To answer this question, I would first pose the question: What do we mean when we talk about the importance of culture of an organisation? From my experience working with enterprises and startups, I would describe it as the human factor, a dynamic process created and recreated by interactions amongst and between leaders and their networked teams, including employees and freelancers and, specifically the trust between the different parties. Migrating to the cloud involves trust not only in interfacing data and networked teams but also trust between all of the employees within an organisation.
The challenges related to trust in the journey to the cloud might include:
Beyond the listed challenges, neglecting the necessary organisational transformation by not taking into consideration the mindset of the employees and management can cause massive delays, which in turn, result in an increase in cost and a huge risk to the reputation of the decision-makers.
Ensuring a Successful Journey with Change Enablement
So, how do you ensure your organisation's successful journey to the cloud? The answer lies in change enablement, which essentially, is enabling your enterprise, its networked team and management, to adapt their work behaviour in order to adopt new ways of working.
Many have privately lamented to me: “migrating to the cloud is so complex and daunting for us and the team, we would not even know where to begin." The reason for this is a lack of change enablement within the organisation which starts well before adopting new technology to your enterprise. Change enablement continuously assists your organisation by constantly defining more efficient ways of working and in proving the value the migration will bring to your team.
For instance, if an organisation wanted to encourage the adoption of a new cloud service, it might first communicate the purpose and benefits of the cloud service to its networked teams and management through internal project marketing. It might then pursue training and further education with the people development team and only then develop an external communication strategy with the assistance of its marketing team.
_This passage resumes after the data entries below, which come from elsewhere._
(* Let $\mathcal{X},\mathcal{Y}$ be finite sets, $P$ a strictly positive joint pmf on $\mathcal{X}\times\mathcal{Y}$, $\rho>0$ and $q\in\mathbb{R}\setminus\{0\}$. Let $G$ be any conditional guessing function and let $Q^{(G)}(x,y)=\frac{1}{|\mathcal{Y}|\,s\,G(x|y)^{(1+\rho)/q}}$ with $s=\sum_{i=1}^{|\mathcal{X}|}i^{-(1+\rho)/q}$. Then $$ \left|R_{q,\rho}(P,G)-q\,\mathcal{RE}_{(\frac{q}{1+\rho},q)}(P,Q^{(G)})\right|\;\leq\;\ln(1+\ln|\mathcal{X}|). $$
   Context: A conditional guessing function is a map $G(\cdot|\cdot)$ on $\mathcal{X}\times\mathcal{Y}$ such that for each $y$, $x\mapsto G(x|y)$ is a bijection from $\mathcal{X}$ onto $\{1,\dots,|\mathcal{X}|\}$. The $q$-normalized expectation under $P$ is $E_q[F(X,Y)]=\frac{\sum_{x,y}F(x,y)P(x,y)^q}{\sum_{x,y}P(x,y)^q}$. With $P(x|y)=P(x,y)/\sum_{x'}P(x',y)$ and $P_q(x|y)=P(x|y)^q/\sum_{x'}P(x'|y)^q$, let $G^\ast_P$ be any conditional guessing function such that $G^\ast_P(x|y)<G^\ast_P(x'|y)$ implies $P_q(x|y)\ge P_q(x'|y)$. The redundancy is $R_{q,\rho}(P,G)=\frac1\rho\ln E_q[G(X|Y)^\rho]-\frac1\rho\ln E_q[G^\ast_P(X|Y)^\rho]$, expectations w.r.t. $P$. For strictly positive joint pmfs $P,Q$ on $\mathcal{X}\times\mathcal{Y}$ and $\alpha\neq\beta$ with $\alpha\beta\neq 0$, the conditional relative $(\alpha,\beta)$-entropy is $$\mathcal{RE}_{(\alpha,\beta)}(P,Q)=\frac{\alpha}{\beta(\beta-\alpha)}\ln\frac{\sum_{y}\left\{\sum_{x}P(x,y)^\beta Q(x,y)^{\alpha-\beta}\right\}\left\{\sum_{x}Q(x,y)^{\alpha}\right\}^{\frac{\beta}{\alpha}-1}}{\sum_{y}\left\{\sum_{x}P(x,y)^\alpha\right\}^{\frac{\beta}{\alpha}}};$$ in particular $q\,\mathcal{RE}_{(\frac{q}{1+\rho},q)}(P,Q)=\frac1\rho\ln\frac{\sum_y\{\sum_x P(x,y)^qQ(x,y)^{\alpha-q}\}\{\sum_xQ(x,y)^\alpha\}^{\rho}}{\sum_y\{\sum_xP(x,y)^\alpha\}^{1+\rho}}$ with $\alpha=\frac{q}{1+\rho}$. *)

theory Defs
  imports Complex_Main "HOL-Library.Cardinality"
begin

definition cond_guessing :: "('x::finite \<Rightarrow> 'y \<Rightarrow> nat) \<Rightarrow> bool" where
  "cond_guessing G \<longleftrightarrow> (\<forall>y. bij_betw (\<lambda>x. G x y) UNIV {1..CARD('x)})"

definition Eq :: "real \<Rightarrow> ('x::finite \<Rightarrow> 'y::finite \<Rightarrow> real) \<Rightarrow> ('x \<Rightarrow> 'y \<Rightarrow> real) \<Rightarrow> real" where
  "Eq q P F = (\<Sum>x\<in>UNIV. \<Sum>y\<in>UNIV. F x y * P x y powr q) / (\<Sum>x\<in>UNIV. \<Sum>y\<in>UNIV. P x y powr q)"

definition cond_prob :: "('x::finite \<Rightarrow> 'y \<Rightarrow> real) \<Rightarrow> 'x \<Rightarrow> 'y \<Rightarrow> real" where
  "cond_prob P x y = P x y / (\<Sum>x'\<in>UNIV. P x' y)"

definition cond_prob_q :: "real \<Rightarrow> ('x::finite \<Rightarrow> 'y \<Rightarrow> real) \<Rightarrow> 'x \<Rightarrow> 'y \<Rightarrow> real" where
  "cond_prob_q q P x y = cond_prob P x y powr q / (\<Sum>x'\<in>UNIV. cond_prob P x' y powr q)"

definition optimal_guessing :: "real \<Rightarrow> ('x::finite \<Rightarrow> 'y \<Rightarrow> real) \<Rightarrow> ('x \<Rightarrow> 'y \<Rightarrow> nat) \<Rightarrow> bool" where
  "optimal_guessing q P G \<longleftrightarrow> cond_guessing G \<and>
     (\<forall>y x x'. G x y < G x' y \<longrightarrow> cond_prob_q q P x y \<ge> cond_prob_q q P x' y)"

text \<open>Redundancy R_{q,\<rho>}(P,G), relative to a chosen optimal Gs = G*_P.\<close>
definition redundancy :: "real \<Rightarrow> real \<Rightarrow> ('x::finite \<Rightarrow> 'y::finite \<Rightarrow> real)
    \<Rightarrow> ('x \<Rightarrow> 'y \<Rightarrow> nat) \<Rightarrow> ('x \<Rightarrow> 'y \<Rightarrow> nat) \<Rightarrow> real" where
  "redundancy q \<rho> P G Gs =
     1 / \<rho> * ln (Eq q P (\<lambda>x y. real (G x y) powr \<rho>))
     - 1 / \<rho> * ln (Eq q P (\<lambda>x y. real (Gs x y) powr \<rho>))"

definition cond_rel_entropy :: "real \<Rightarrow> real \<Rightarrow> ('x::finite \<Rightarrow> 'y::finite \<Rightarrow> real)
    \<Rightarrow> ('x \<Rightarrow> 'y \<Rightarrow> real) \<Rightarrow> real" where
  "cond_rel_entropy \<alpha> \<beta> P Q =
     \<alpha> / (\<beta> * (\<beta> - \<alpha>)) *
     ln ((\<Sum>y\<in>UNIV. (\<Sum>x\<in>UNIV. P x y powr \<beta> * Q x y powr (\<alpha> - \<beta>))
                     * (\<Sum>x\<in>UNIV. Q x y powr \<alpha>) powr (\<beta> / \<alpha> - 1))
         / (\<Sum>y\<in>UNIV. (\<Sum>x\<in>UNIV. P x y powr \<alpha>) powr (\<beta> / \<alpha>)))"

definition guess_pmf :: "real \<Rightarrow> real \<Rightarrow> ('x::finite \<Rightarrow> 'y::finite \<Rightarrow> nat) \<Rightarrow> 'x \<Rightarrow> 'y \<Rightarrow> real" where
  "guess_pmf q \<rho> G x y =
     1 / (real CARD('y) * (\<Sum>i=1..CARD('x). real i powr (-(1 + \<rho>) / q))
          * real (G x y) powr ((1 + \<rho>) / q))"

end

theory Submission
  imports Defs "HOL-Analysis.Harmonic_Numbers"
begin

(* Write \<alpha> = q / (1 + \<rho>), so that P(x,y)^q = (P(x,y)^\<alpha>)^(1+\<rho>), and let
   M(G) = \<Sum> P(x,y)^q G(x|y)^\<rho> be the unnormalised guessing moment.  For the optimal Gs the
   redundancy is (ln M(G) - ln M(Gs)) / \<rho>, and the scaled relative entropy to Q^(G) is
   (ln (H^\<rho> M(G)) - ln A) / \<rho>, where H is the |X|-th harmonic number and
   A = \<Sum>_y (\<Sum>_x P(x,y)^\<alpha>)^(1+\<rho>).  Their difference (ln A - ln M(Gs)) / \<rho> - ln H no
   longer depends on G.  Arikan's argument (the optimal guess of x is at most
   \<Sum>_x' P(x',y)^\<alpha> / P(x,y)^\<alpha>) gives M(Gs) \<le> A, and Jensen's inequality with the weights
   1 / (H G(x|y)) gives A \<le> H^\<rho> M(Gs).  So the difference lies in [-ln H, 0], and
   ln H \<le> ln (1 + ln |X|). *)

lemma harm_le_1_plus_ln: "n \<ge> 1 \<Longrightarrow> harm n \<le> 1 + ln (real n)"
  using euler_mascheroni_sequence_decreasing[of 1 n] by (simp add: harm_def)

lemma harm_ge_1: "n \<ge> 1 \<Longrightarrow> harm n \<ge> (1::real)"
  using harm_mono[of 1 n] by (simp add: harm_def)

lemma ranking_ge_1:
  fixes g :: "'x::finite \<Rightarrow> nat"
  assumes "bij_betw g UNIV {1..CARD('x)}"
  shows "g x \<ge> 1"
  using assms by (auto simp: bij_betw_def)

lemma sum_inverse_ranking:
  fixes g :: "'x::finite \<Rightarrow> nat"
  assumes "bij_betw g UNIV {1..CARD('x)}"
  shows "(\<Sum>x\<in>UNIV. inverse (real (g x))) = harm CARD('x)"
  using sum.reindex_bij_betw[OF assms, of "\<lambda>i. inverse (real i)"] by (simp add: harm_def)

lemma card_ranking_le:
  fixes g :: "'x::finite \<Rightarrow> nat"
  assumes "bij_betw g UNIV {1..CARD('x)}"
  shows "card {x'. g x' \<le> g x} = g x"
proof -
  have range: "range g = {1..CARD('x)}" and "inj g"
    using assms by (simp_all add: bij_betw_def)
  have "g ` {x'. g x' \<le> g x} = {k \<in> range g. k \<le> g x}" by auto
  also have "\<dots> = {1..g x}"
    using rangeI[of g x] unfolding range by auto
  finally show ?thesis
    using card_image[OF inj_on_subset[OF \<open>inj g\<close>]]
    by (metis card_atLeastAtMost diff_Suc_1 subset_UNIV)
qed

text \<open>Jensen's inequality for \<open>t \<mapsto> t powr (1 + \<rho>)\<close> with the weights
  \<open>1 / (g x * harm |X|)\<close>, which sum to one.\<close>
lemma sum_powr_le_harm_powr_mult:
  fixes g :: "'x::finite \<Rightarrow> nat" and a :: "'x \<Rightarrow> real"
  assumes g: "bij_betw g UNIV {1..CARD('x)}" and a: "\<And>x. a x > 0" and "\<rho> \<ge> 0"
  shows "(\<Sum>x\<in>UNIV. a x) powr (1 + \<rho>)
           \<le> harm CARD('x) powr \<rho> * (\<Sum>x\<in>UNIV. a x powr (1 + \<rho>) * real (g x) powr \<rho>)"
proof -
  define H :: real where "H = harm CARD('x)"
  define w where "w x = inverse (real (g x) * H)" for x
  define b where "b x = a x * real (g x) * H" for x
  have H: "H > 0" by (simp add: H_def)
  have gpos: "real (g x) > 0" for x
    using ranking_ge_1[OF g, of x] by simp
  have "(\<Sum>x\<in>UNIV. w x) = (\<Sum>x\<in>UNIV. inverse (real (g x))) / H"
    by (simp add: w_def sum_divide_distrib field_simps)
  then have w_sum: "(\<Sum>x\<in>UNIV. w x) = 1"
    using H by (simp add: sum_inverse_ranking[OF g, folded H_def])
  have "(\<Sum>x\<in>UNIV. w x *\<^sub>R b x) powr (1 + \<rho>) \<le> (\<Sum>x\<in>UNIV. w x * b x powr (1 + \<rho>))"
    using w_sum powr_convex[of "1 + \<rho>"] \<open>\<rho> \<ge> 0\<close> gpos H a
    by (intro convex_on_sum[where C = "{0<..}"]) (auto simp: w_def b_def)
  moreover have "w x * b x = a x" for x
    using gpos[of x] H by (simp add: w_def b_def field_simps)
  moreover have "w x * b x powr (1 + \<rho>) = H powr \<rho> * (a x powr (1 + \<rho>) * real (g x) powr \<rho>)" for x
    using gpos[of x] H a[of x]
    by (simp add: w_def b_def powr_mult powr_add field_simps)
  ultimately show ?thesis
    by (simp add: H_def sum_distrib_left)
qed

lemma ranking_le_sum_divide:
  fixes g :: "'x::finite \<Rightarrow> nat" and a :: "'x \<Rightarrow> real"
  assumes g: "bij_betw g UNIV {1..CARD('x)}" and a: "\<And>x. a x > 0"
    and antimono: "\<And>x x'. g x < g x' \<Longrightarrow> a x' \<le> a x"
  shows "real (g x) \<le> (\<Sum>x'\<in>UNIV. a x') / a x"
proof -
  have "inj g" using g by (simp add: bij_betw_def)
  have "real (g x) = (\<Sum>x'\<in>{x'. g x' \<le> g x}. 1)"
    by (simp add: card_ranking_le[OF g])
  also have "\<dots> \<le> (\<Sum>x'\<in>{x'. g x' \<le> g x}. a x' / a x)"
  proof (rule sum_mono)
    fix x' assume "x' \<in> {x'. g x' \<le> g x}"
    then have "g x' < g x \<or> x' = x"
      using \<open>inj g\<close> by (auto simp: inj_def order_le_less)
    then show "1 \<le> a x' / a x"
      using antimono a[of x] by auto
  qed
  also have "\<dots> \<le> (\<Sum>x'\<in>UNIV. a x' / a x)"
    using a by (intro sum_mono2) (auto intro: less_imp_le)
  finally show ?thesis
    by (simp add: sum_divide_distrib)
qed

text \<open>Arikan's bound: guessing in order of decreasing \<open>a\<close>, the guess \<open>g x\<close> is at most
  \<open>(\<Sum>a) / a x\<close>.\<close>
lemma sum_powr_mult_ranking_le:
  fixes g :: "'x::finite \<Rightarrow> nat" and a :: "'x \<Rightarrow> real"
  assumes g: "bij_betw g UNIV {1..CARD('x)}" and a: "\<And>x. a x > 0" and "\<rho> \<ge> 0"
    and antimono: "\<And>x x'. g x < g x' \<Longrightarrow> a x' \<le> a x"
  shows "(\<Sum>x\<in>UNIV. a x powr (1 + \<rho>) * real (g x) powr \<rho>) \<le> (\<Sum>x\<in>UNIV. a x) powr (1 + \<rho>)"
proof -
  define A where "A = (\<Sum>x\<in>UNIV. a x)"
  have A: "A > 0" unfolding A_def using a by (intro sum_pos) auto
  have "a x powr (1 + \<rho>) * real (g x) powr \<rho> \<le> a x powr (1 + \<rho>) * (A / a x) powr \<rho>" for x
    using ranking_le_sum_divide[OF g a antimono, where x=x] \<open>\<rho> \<ge> 0\<close>
    by (intro mult_left_mono powr_mono2) (simp_all add: A_def)
  also have "a x powr (1 + \<rho>) * (A / a x) powr \<rho> = a x * A powr \<rho>" for x
    using a[of x] A by (simp add: powr_add powr_divide)
  finally have "(\<Sum>x\<in>UNIV. a x powr (1 + \<rho>) * real (g x) powr \<rho>) \<le> (\<Sum>x\<in>UNIV. a x * A powr \<rho>)"
    by (intro sum_mono)
  also have "\<dots> = A powr (1 + \<rho>)"
    using A by (simp add: sum_distrib_right[symmetric] A_def powr_add)
  finally show ?thesis unfolding A_def .
qed

definition guess_moment ::
    "real \<Rightarrow> real \<Rightarrow> ('x::finite \<Rightarrow> 'y::finite \<Rightarrow> real) \<Rightarrow> ('x \<Rightarrow> 'y \<Rightarrow> nat) \<Rightarrow> real"
  where "guess_moment q \<rho> P G = (\<Sum>y\<in>UNIV. \<Sum>x\<in>UNIV. P x y powr q * real (G x y) powr \<rho>)"

text \<open>Up to the factor \<open>harm |X| powr \<rho>\<close>, this is the least value of \<open>guess_moment\<close>
  over all guessing functions (Arikan).\<close>
definition arikan_sum :: "real \<Rightarrow> real \<Rightarrow> ('x::finite \<Rightarrow> 'y::finite \<Rightarrow> real) \<Rightarrow> real"
  where "arikan_sum q \<rho> P = (\<Sum>y\<in>UNIV. (\<Sum>x\<in>UNIV. P x y powr (q / (1 + \<rho>))) powr (1 + \<rho>))"

lemma cond_guessing_ge_1:
  fixes G :: "'x::finite \<Rightarrow> 'y \<Rightarrow> nat"
  shows "cond_guessing G \<Longrightarrow> G x y \<ge> 1"
  unfolding cond_guessing_def using ranking_ge_1 by blast

lemma guess_moment_pos:
  fixes P :: "'x::finite \<Rightarrow> 'y::finite \<Rightarrow> real"
  assumes "\<And>x y. P x y > 0" and "cond_guessing G"
  shows "guess_moment q \<rho> P G > 0"
  unfolding guess_moment_def using assms cond_guessing_ge_1[OF assms(2)]
  by (intro sum_pos mult_pos_pos) (auto simp: Suc_le_eq less_imp_neq[symmetric])

lemma arikan_sum_pos:
  fixes P :: "'x::finite \<Rightarrow> 'y::finite \<Rightarrow> real"
  assumes "\<And>x y. P x y > 0"
  shows "arikan_sum q \<rho> P > 0"
  unfolding arikan_sum_def using assms
  by (intro sum_pos) (auto simp: sum_pos less_imp_neq[symmetric])

lemma Eq_guess_powr:
  fixes P :: "'x::finite \<Rightarrow> 'y::finite \<Rightarrow> real"
  shows "Eq q P (\<lambda>x y. real (G x y) powr \<rho>)
           = guess_moment q \<rho> P G / (\<Sum>x\<in>UNIV. \<Sum>y\<in>UNIV. P x y powr q)"
  unfolding Eq_def guess_moment_def by (subst sum.swap) (simp add: mult.commute)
On the technical side, it would develop a Proof of Concept (PoC), which would outline the advantages of the migration to the technical team and gain buy-in from decision-makers.
To ensure success in adoption of any new cloud project, decision-makers must be organised and communicate their needs effectively with their team. Here is a quick preparation list for decision-makers to keep in mind when collaborating with the change specialist:
Understanding the Impact of Cloudification on Processes
Remember that at the end of the day, the technical IT project is merely the vehicle of your digitalisation journey. Before delving into the technical details needed to pursue the migration, you should develop a Proof of Concept (PoC). PoCs are typically implemented in one business unit or in one geographic region to illustrate the advantages of the journey in a low-risk way, to learn from the experience, and to gain the necessary buy-in from decision-makers as well as disseminate the message across the organisation.
Think of it as a way to harvest low-hanging fruits after the implementation of the project.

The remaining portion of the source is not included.